[Opening RECORD SET section]

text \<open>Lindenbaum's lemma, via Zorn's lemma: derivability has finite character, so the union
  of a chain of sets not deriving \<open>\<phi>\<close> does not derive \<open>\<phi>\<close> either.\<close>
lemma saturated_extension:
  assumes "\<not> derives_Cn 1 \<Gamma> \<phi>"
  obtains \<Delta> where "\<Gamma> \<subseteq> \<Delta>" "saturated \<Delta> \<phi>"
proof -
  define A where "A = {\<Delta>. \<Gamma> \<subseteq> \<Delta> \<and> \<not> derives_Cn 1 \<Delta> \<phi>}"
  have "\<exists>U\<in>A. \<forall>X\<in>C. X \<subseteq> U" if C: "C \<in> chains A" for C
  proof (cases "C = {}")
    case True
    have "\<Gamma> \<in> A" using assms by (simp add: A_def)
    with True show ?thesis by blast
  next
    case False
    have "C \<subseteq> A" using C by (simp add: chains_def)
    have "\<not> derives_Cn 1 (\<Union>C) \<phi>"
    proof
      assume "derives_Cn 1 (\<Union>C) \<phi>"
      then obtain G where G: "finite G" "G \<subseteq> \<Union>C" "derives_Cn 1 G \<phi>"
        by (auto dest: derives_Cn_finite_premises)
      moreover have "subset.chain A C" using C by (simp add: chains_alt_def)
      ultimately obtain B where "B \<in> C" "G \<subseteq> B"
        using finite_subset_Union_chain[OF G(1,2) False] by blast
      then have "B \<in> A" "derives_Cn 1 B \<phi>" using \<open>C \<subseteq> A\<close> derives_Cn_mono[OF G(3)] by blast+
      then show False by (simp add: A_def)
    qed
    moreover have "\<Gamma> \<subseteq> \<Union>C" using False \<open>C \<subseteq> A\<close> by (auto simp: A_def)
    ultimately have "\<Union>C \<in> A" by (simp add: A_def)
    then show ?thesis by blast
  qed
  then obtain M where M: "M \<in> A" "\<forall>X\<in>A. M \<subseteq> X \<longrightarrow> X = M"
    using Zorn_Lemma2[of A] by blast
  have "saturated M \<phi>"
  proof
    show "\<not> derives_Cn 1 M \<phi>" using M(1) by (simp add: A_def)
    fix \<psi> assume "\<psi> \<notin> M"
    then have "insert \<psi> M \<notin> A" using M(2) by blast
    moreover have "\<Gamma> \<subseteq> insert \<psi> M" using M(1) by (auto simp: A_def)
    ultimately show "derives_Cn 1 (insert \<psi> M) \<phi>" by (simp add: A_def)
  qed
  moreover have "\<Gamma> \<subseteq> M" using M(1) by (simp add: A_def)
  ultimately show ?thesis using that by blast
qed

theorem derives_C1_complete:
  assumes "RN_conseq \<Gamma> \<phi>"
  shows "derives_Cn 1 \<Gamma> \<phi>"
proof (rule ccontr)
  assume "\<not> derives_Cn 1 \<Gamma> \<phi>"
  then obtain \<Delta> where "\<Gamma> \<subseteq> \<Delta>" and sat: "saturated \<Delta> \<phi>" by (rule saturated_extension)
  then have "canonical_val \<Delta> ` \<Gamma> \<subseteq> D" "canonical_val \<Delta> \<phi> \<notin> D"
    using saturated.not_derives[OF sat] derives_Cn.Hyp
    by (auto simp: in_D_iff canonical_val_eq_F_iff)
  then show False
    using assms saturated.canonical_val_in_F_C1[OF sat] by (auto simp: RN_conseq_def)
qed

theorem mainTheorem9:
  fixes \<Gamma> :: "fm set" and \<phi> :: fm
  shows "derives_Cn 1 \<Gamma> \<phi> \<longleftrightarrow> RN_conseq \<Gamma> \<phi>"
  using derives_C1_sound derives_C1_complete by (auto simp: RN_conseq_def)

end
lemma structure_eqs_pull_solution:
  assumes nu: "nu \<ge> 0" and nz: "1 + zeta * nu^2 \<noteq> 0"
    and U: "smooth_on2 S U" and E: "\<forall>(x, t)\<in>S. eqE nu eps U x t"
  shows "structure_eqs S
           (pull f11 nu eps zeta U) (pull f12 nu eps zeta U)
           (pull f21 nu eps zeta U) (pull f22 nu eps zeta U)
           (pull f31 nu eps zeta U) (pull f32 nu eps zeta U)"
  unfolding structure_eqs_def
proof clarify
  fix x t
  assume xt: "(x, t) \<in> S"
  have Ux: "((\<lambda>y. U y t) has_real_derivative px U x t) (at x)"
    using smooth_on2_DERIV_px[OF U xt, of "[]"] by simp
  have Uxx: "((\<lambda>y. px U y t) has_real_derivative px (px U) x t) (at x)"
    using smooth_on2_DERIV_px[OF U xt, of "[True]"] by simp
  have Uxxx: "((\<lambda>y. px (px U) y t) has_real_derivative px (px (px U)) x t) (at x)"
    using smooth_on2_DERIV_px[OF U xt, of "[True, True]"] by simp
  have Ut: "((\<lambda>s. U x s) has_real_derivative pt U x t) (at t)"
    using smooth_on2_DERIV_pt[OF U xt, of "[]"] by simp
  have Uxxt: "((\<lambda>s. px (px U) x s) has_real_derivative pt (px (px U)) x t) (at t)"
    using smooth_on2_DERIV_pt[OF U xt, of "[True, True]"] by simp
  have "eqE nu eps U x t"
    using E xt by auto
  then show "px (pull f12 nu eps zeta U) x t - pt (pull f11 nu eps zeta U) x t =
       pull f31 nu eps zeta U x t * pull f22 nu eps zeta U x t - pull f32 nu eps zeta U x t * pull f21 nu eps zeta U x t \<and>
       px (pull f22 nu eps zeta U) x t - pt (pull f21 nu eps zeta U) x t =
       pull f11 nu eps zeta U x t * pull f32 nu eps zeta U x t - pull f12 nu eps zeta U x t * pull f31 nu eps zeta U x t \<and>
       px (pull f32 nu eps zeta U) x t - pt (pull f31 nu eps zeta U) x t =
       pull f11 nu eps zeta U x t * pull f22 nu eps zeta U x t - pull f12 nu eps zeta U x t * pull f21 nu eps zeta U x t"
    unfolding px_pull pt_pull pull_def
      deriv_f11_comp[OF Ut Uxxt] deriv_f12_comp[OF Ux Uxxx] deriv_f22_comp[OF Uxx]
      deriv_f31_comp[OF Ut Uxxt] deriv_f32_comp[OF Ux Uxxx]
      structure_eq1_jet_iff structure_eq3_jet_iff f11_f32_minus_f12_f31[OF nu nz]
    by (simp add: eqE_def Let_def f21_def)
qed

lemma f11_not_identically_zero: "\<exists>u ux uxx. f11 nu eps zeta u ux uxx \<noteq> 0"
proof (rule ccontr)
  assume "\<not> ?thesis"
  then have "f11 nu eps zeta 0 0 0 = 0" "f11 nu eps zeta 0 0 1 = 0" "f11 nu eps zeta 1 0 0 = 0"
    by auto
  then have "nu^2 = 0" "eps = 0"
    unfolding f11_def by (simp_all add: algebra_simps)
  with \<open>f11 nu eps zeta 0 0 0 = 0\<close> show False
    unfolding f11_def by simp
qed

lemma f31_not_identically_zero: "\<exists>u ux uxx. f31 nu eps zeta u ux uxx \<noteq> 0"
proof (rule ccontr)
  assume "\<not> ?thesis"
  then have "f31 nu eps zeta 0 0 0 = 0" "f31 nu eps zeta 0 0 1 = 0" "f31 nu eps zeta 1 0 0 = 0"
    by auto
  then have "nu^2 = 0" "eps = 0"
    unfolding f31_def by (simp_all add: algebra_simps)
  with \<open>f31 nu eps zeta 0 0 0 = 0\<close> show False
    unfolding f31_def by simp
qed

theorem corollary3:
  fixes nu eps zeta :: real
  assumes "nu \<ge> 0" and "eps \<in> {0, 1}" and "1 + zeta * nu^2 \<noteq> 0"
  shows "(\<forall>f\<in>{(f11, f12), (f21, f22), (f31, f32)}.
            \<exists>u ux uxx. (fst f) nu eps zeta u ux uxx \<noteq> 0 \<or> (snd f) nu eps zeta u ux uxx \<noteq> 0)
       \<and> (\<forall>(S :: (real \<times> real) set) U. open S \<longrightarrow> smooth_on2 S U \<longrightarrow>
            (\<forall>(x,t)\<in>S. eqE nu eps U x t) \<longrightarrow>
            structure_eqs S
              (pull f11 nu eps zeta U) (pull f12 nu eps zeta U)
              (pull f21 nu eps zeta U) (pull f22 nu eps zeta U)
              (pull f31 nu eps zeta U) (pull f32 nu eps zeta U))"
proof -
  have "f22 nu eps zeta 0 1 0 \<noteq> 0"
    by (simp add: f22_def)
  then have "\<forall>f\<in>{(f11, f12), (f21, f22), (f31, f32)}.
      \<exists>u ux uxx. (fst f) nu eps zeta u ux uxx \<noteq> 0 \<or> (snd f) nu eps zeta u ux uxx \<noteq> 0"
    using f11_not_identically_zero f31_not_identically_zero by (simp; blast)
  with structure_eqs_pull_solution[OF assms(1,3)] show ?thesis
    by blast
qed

[Closing RECORD SET section]

WHAT TO PRODUCE: The exercise is to copy out every line above that has the word "auto" in it.

RESPONSE TO THE EXERCISE:
        by (auto dest: derives_Cn_finite_premises)
    moreover have "\<Gamma> \<subseteq> \<Union>C" using False \<open>C \<subseteq> A\<close> by (auto simp: A_def)
    moreover have "\<Gamma> \<subseteq> insert \<psi> M" using M(1) by (auto simp: A_def)
    by (auto simp: in_D_iff canonical_val_eq_F_iff)
    using assms saturated.canonical_val_in_F_C1[OF sat] by (auto simp: RN_conseq_def)
  using derives_C1_sound derives_C1_complete by (auto simp: RN_conseq_def)
    using E xt by auto
    by auto
    by auto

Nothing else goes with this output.